Attached is debug version of the parsing of this contact.

ProblemType: Bug
DistroRelease: Ubuntu 14.04
Package: pst-utils 0.6.59-1build1
ProcVersionSignature: Ubuntu 3.13.0-24.47-generic 3.13.9
Uname: Linux 3.13.0-24-generic x86_64
ApportVersion: 2.14.1-0ubuntu3.11
Architecture: amd64
CurrentDesktop: X-Cinnamon
Date: Tue Jun 30 11:05:51 2015
EcryptfsInUse: Yes
InstallationDate: Installed on 2014-07-27 (337 days ago)
InstallationMedia: Linux Mint 17 "Qiana" - Release amd64 20140624
ProcEnviron:
 SHELL=/bin/bash
 TERM=xterm
 PATH=(custom, no user)
 LANG=da_DK.UTF-8
 XDG_RUNTIME_DIR=<set>
SourcePackage: libpst
UpgradeStatus: No upgrade log present (probably fresh install)

Revision history for this message
Martin Møller (martin-moller) wrote :
Revision history for this message
Martin Møller (martin-moller) wrote :

PS:
This is the full commandline I used to get the above result (and all the other contacts now shown here):

readpst -C iso-8859-1 -cv -tc -o /tmp/TAN/ -d /tmp/TAN/TAN-debug.txt Postkasse\ -\ Torben\ Andersen.pst

Also, Office 2013 act precisely the same way as libpst seems to do, but wouldn't it be nice to have a leg up on Microsoft here?
Clearly, the data is in there and if we can only avoid it getting garbled then it is easy enough to convert the Latin1 entries later to UTF-8, if need be.

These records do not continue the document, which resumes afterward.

text \<open>The identity holds already for formal linear combinations of words, before passing to
  the quotient by the multilinearity relations, and for arbitrary F. Let \<open>\<iota>\<^sub>y\<close>
  (\<open>contract F y\<close>) send \<open>x\<^sub>0 ... x\<^sub>p\<^sub>-\<^sub>1\<close> to the sum over m of
  \<open>(-1)\<^sup>m F y x\<^sub>m\<close> times the word with \<open>x\<^sub>m\<close> removed. Sorting the pairings of
  \<open>y x\<^sub>0 ... x\<^sub>p\<^sub>-\<^sub>1\<close> by whether the first letter is paired gives
  \<open>a\<^sub>k\<^sub>+\<^sub>1 (y w) = y a\<^sub>k\<^sub>+\<^sub>1 w + a\<^sub>k (\<iota>\<^sub>y w)\<close>, a pair (0, m + 1) contributing the sign
  \<open>(-1)\<^sup>m\<close>. Contractions anticommute, hence, by induction on the length of words, commute
  with every \<open>a\<^sub>l\<close>. The same induction together with Pascal's rule yields
  \<open>a\<^sub>k a\<^sub>l = C(k+l, k) a\<^sub>k\<^sub>+\<^sub>l\<close>.\<close>

section \<open>Formal linear combinations of words\<close>

definition supp :: "('v list \<Rightarrow> 'k::field) \<Rightarrow> 'v list set" where
  "supp u = {w. u w \<noteq> 0}"

definition lin_ext :: "('v list \<Rightarrow> 'v list \<Rightarrow> 'k::field) \<Rightarrow> ('v list \<Rightarrow> 'k) \<Rightarrow> 'v list \<Rightarrow> 'k" where
  "lin_ext f u = (\<lambda>w. \<Sum>v\<in>supp u. u v * f v w)"

lemma a_op_eq_lin_ext: "a_op F k = lin_ext (a_word F k)"
  by (simp add: fun_eq_iff a_op_def lin_ext_def supp_def)

lemma fin_supp_iff: "fin_supp u \<longleftrightarrow> finite (supp u)"
  by (simp add: fin_supp_def supp_def)

lemma lin_ext_superset:
  assumes "finite T" "supp u \<subseteq> T"
  shows "lin_ext f u w = (\<Sum>v\<in>T. u v * f v w)"
  unfolding lin_ext_def by (rule sum.mono_neutral_left) (use assms in \<open>auto simp: supp_def\<close>)
(* Let $G=(V,E)$ be a finite graph with graphic matroid $M(G)$, and consider the matroid game on $M(G)$ with loss matrix for the row player equal to the identity matrix $I\in\mathbb{R}^{E\times E}$. Then there exists a symmetric Nash equilibrium if and only if every block of $G$ is uniformly dense.
   Context: The base polytope of a matroid with rank function $r$ on $E$ is $B(M)=\{x\ge0: x(S)\le r(S)\ \forall S\subseteq E,\ x(E)=r(E)\}$; for the graphic matroid this is the spanning tree polytope (convex hull of spanning forests that are maximal, i.e. bases). In the game, the row player chooses $x\in B(M)$ minimizing $x^TLy$, the column player chooses $y\in B(M)$ maximizing it; $(x,x)$ with $x\in B(M)$ is a symmetric Nash equilibrium if $x^TLz\le x^TLx\le z^TLx$ for all $z\in B(M)$. A block of $G$ is a maximal connected subgraph without a cut vertex. A graph $H$ is uniformly dense if $|F|/r(F)\le|E(H)|/r(E(H))$ for every $F\subseteq E(H)$ with $r(F)>0$, where $r$ is the graphic matroid rank ($r(F)$ = number of vertices incident to $F$ minus number of connected components of the subgraph formed by $F$). *)

theory Defs
  imports Complex_Main
begin

text \<open>A finite loopless multigraph: vertex set V, edge set E, and an incidence
  map ends assigning to each edge its set of two distinct endpoints.\<close>

definition finite_graph :: "'v set \<Rightarrow> 'e set \<Rightarrow> ('e \<Rightarrow> 'v set) \<Rightarrow> bool" where
  "finite_graph V E ends \<longleftrightarrow> finite V \<and> finite E \<and>
     (\<forall>e\<in>E. ends e \<subseteq> V \<and> card (ends e) = 2)"

definition adj :: "('e \<Rightarrow> 'v set) \<Rightarrow> 'e set \<Rightarrow> ('v \<times> 'v) set" where
  "adj ends F = {(a, b). \<exists>e\<in>F. ends e = {a, b}}"

definition verts :: "('e \<Rightarrow> 'v set) \<Rightarrow> 'e set \<Rightarrow> 'v set" where
  "verts ends F = \<Union> (ends ` F)"

definition grank :: "('e \<Rightarrow> 'v set) \<Rightarrow> 'e set \<Rightarrow> nat" where
  "grank ends F = card (verts ends F) - card (verts ends F // (adj ends F)\<^sup>+)"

Revision history for this message
Martin Møller (martin-moller) wrote :

Well, I took a stab at the problem, since our client would really like his contacts restored.

Attached is a very crude patch (as I am not a C programmer and thus I am going the trials and error route here).
With this patch I seem to get both my Latin1 contacts and the UTF-16 contacts written correctly.
The Latin1 contacts often are missing the last character and I have not dared try to remove the BOM marked which is thus translated to a couple of y characters with different accents, but I would much rather have this and then be able to replace them with a questionmark before importing the VCF file to inform the receiver that something is probably missing here.

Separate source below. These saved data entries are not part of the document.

lemma character_ne_zero_if_unique_perm:
  assumes unique: "fst ` frobenius_pairs \<mu> \<alpha> = {\<sigma>}"
  shows "character \<mu> \<alpha> \<noteq> 0"
proof -
  have "\<sigma> \<in> fst ` frobenius_pairs \<mu> \<alpha>" using unique by simp
  then obtain f where "(\<sigma>, f) \<in> frobenius_pairs \<mu> \<alpha>" by force
  then have \<sigma>: "\<sigma> permutes {0..<length \<mu>}" "frobenius_maps \<mu> \<alpha> \<sigma> \<noteq> {}"
    unfolding frobenius_pairs_def by auto
  have "frobenius_maps \<mu> \<alpha> \<tau> = {}" if "\<tau> permutes {0..<length \<mu>}" "\<tau> \<noteq> \<sigma>" for \<tau>
    using unique that unfolding frobenius_pairs_def by (auto simp: image_iff)
  then have "character \<mu> \<alpha> = (\<Sum>\<tau>\<in>{\<tau>. \<tau> permutes {0..<length \<mu>}}.
      if \<tau> = \<sigma> then sign \<sigma> * int (card (frobenius_maps \<mu> \<alpha> \<sigma>)) else 0)"
    unfolding character_eq_sum_frobenius_maps by (intro sum.cong) auto
  also have "\<dots> = sign \<sigma> * int (card (frobenius_maps \<mu> \<alpha> \<sigma>))"
    using \<sigma>(1) by (simp add: finite_permutations)
  finally show ?thesis
    using \<sigma>(2) finite_frobenius_maps by (simp add: sign_def)
qed

lemma fiber_sum_ge: "k < length \<alpha> \<Longrightarrow> f k = i \<Longrightarrow> \<alpha> ! k \<le> fiber_sum \<alpha> f i"
  unfolding fiber_sum_def by (rule member_le_sum) auto

lemma fiber_sum_gt:
  assumes "k < length \<alpha>" "k' < length \<alpha>" "k \<noteq> k'" "f k = i" "f k' = i" "0 < \<alpha> ! k'"
  shows "\<alpha> ! k < fiber_sum \<alpha> f i"
proof -
  have "\<alpha> ! k + \<alpha> ! k' = (\<Sum>k\<in>{k, k'}. \<alpha> ! k)" using assms(3) by simp
  also have "\<dots> \<le> fiber_sum \<alpha> f i"
    unfolding fiber_sum_def using assms(1-5) by (intro sum_mono2) auto
  finally show ?thesis using assms(6) by linarith
qed

definition principal_hook :: "nat list \<Rightarrow> nat" where
  "principal_hook \<mu> = (if \<mu> = [] then 0 else hd \<mu> + length \<mu> - 1)"

lemma part_le_principal_hook:
  assumes sorted: "sorted_wrt (\<ge>) \<mu>" and x: "x \<in> set \<alpha>" and char: "character \<mu> \<alpha> \<noteq> 0"
  shows "x \<le> principal_hook \<mu>"
proof -
  obtain \<sigma> where "\<sigma> permutes {0..<length \<mu>}" "sign \<sigma> * int (card (frobenius_maps \<mu> \<alpha> \<sigma>)) \<noteq> 0"
    using char unfolding character_eq_sum_frobenius_maps by (auto elim: sum.not_neutral_contains_not_neutral)
  then obtain f where \<sigma>: "\<sigma> permutes {0..<length \<mu>}" and f: "f \<in> frobenius_maps \<mu> \<alpha> \<sigma>"
    by fastforce
  obtain k where k: "k < length \<alpha>" "\<alpha> ! k = x" using x by (meson in_set_conv_nth)
  define i where "i = f k"
  have i: "i < length \<mu>" using frobenius_maps_PiE[OF f] k(1) unfolding i_def by (auto simp: PiE_iff)
  have "\<mu> ! i + (length \<mu> - 1 - i) = (length \<mu> - 1 - \<sigma> i) + fiber_sum \<alpha> f i"
    using f i unfolding frobenius_maps_def by blast
  moreover have "x \<le> fiber_sum \<alpha> f i" using fiber_sum_ge k unfolding i_def by blast
  moreover have "\<mu> ! i \<le> hd \<mu>"
  proof -
    have "hd \<mu> = \<mu> ! 0" using i by (cases \<mu>) auto
    then show ?thesis using sorted_wrt_nth_less[OF sorted, of 0 i] i by (cases "i = 0") auto
  qed
  ultimately show ?thesis using i unfolding principal_hook_def by auto
qed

Also, I have hardcoded the charset as I am not sure where I would get the one I specified on the commandline or whether the one I had used there would even be enough.

I hope someone with better understanding of the code than me can clean up the patch and then hopefully submit it.
Now if only Microsoft/Recovery Tool didn't export the data incorrectly in the first place ...

/MMO

Revision history for this message
Ubuntu Foundations Team Bug Bot (crichton) wrote :

The attachment "Crude patch that does what I need, but probably fails for non-western languages." seems to be a patch. If it isn't, please remove the "patch" flag from the attachment, remove the "patch" tag, and if you are a member of the ~ubuntu-reviewers, unsubscribe the team.

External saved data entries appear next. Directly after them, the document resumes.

lemma trap_hessian_symmetric: "transpose (trap_hessian b) = trap_hessian b"
proof -
  have "trap_hessian b $ i $ j = trap_hessian b $ j $ i" for i j
    by (simp add: trap_hessian_def conj_commute)
  then show ?thesis by (simp add: vec_eq_iff transpose_def)
qed

lemma trap_hessian_quadratic_form:
  "v \<bullet> (trap_hessian b *v v) = - ((v$1 + cos b * v$3)^2 + (sin b * v$3)^2) / 2 - (v$4)^2"
proof -
  have "v \<bullet> (trap_hessian b *v v) = - ((v$1)^2 + (v$3)^2) / 2 - cos b * v$1 * v$3 - (v$4)^2"
    by (simp add: inner_vec_def sum_5 matrix_vector_mult_def trap_hessian_def
        power2_eq_square algebra_simps)
  then show ?thesis
    using sin_cos_squared_add[of b] by algebra
qed

lemma trap_hessian_neg_semidef: "neg_semidef (trap_hessian b)"
  unfolding neg_semidef_def trap_hessian_quadratic_form
proof
  fix v :: "real^5"
  have "0 \<le> ((v$1 + cos b * v$3)^2 + (sin b * v$3)^2) / 2 + (v$4)^2"
    by simp
  then show "- ((v$1 + cos b * v$3)^2 + (sin b * v$3)^2) / 2 - (v$4)^2 \<le> 0"
    by linarith
qed

lemma trap_hessian_not_neg_def: "\<not> neg_def (trap_hessian b)"
proof -
  have "axis 2 1 \<noteq> (0::real^5)" and "axis 2 1 \<bullet> (trap_hessian b *v axis 2 1) = 0"
    by (simp_all only: axis_eq_0_iff trap_hessian_quadratic_form) (simp_all add: axis_def)
  then show ?thesis
    unfolding neg_def_def by (metis less_irrefl)
qed

lemma landscape_second_order_trap:
  assumes "x \<in> L2dom" "x$1 = 0" "x$3 = 0" "x$4 = pi/2"
  shows "second_order_trap landscape L2dom x"
  unfolding second_order_trap_def
proof (intro conjI)
  show "x \<in> L2dom" by (fact assms(1))
  show "(landscape has_derivative (\<lambda>h. 0)) (at x)"
    using landscape_critical_on_slice_iff assms by blast
  show "\<exists>y\<in>L2dom. landscape x < landscape y"
    unfolding landscape_at_trap[OF assms(2-4)] by (fact landscape_exceeds_one_half)
  show "\<exists>H. has_hessian landscape H x \<and> neg_semidef H \<and> \<not> neg_def H"
    using has_hessian_landscape_at_trap[OF assms(2-4)] trap_hessian_neg_semidef
      trap_hessian_not_neg_def by blast
qed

[This is an automated message performed by a Launchpad user owned by ~brian-murray, for any issues please contact him.]

tags: added: patch
Revision history for this message
Sebastien Bacher (seb128) wrote :

Thanks, that should probably be subscribed upstream for review...

Revision history for this message
Martin Møller (martin-moller) wrote : Re: [Bug 1470032] Re: libpst / readpst incorrectly decodes latin1 contacts, etc.

That would probably be best, yes. I didn't see how to do so.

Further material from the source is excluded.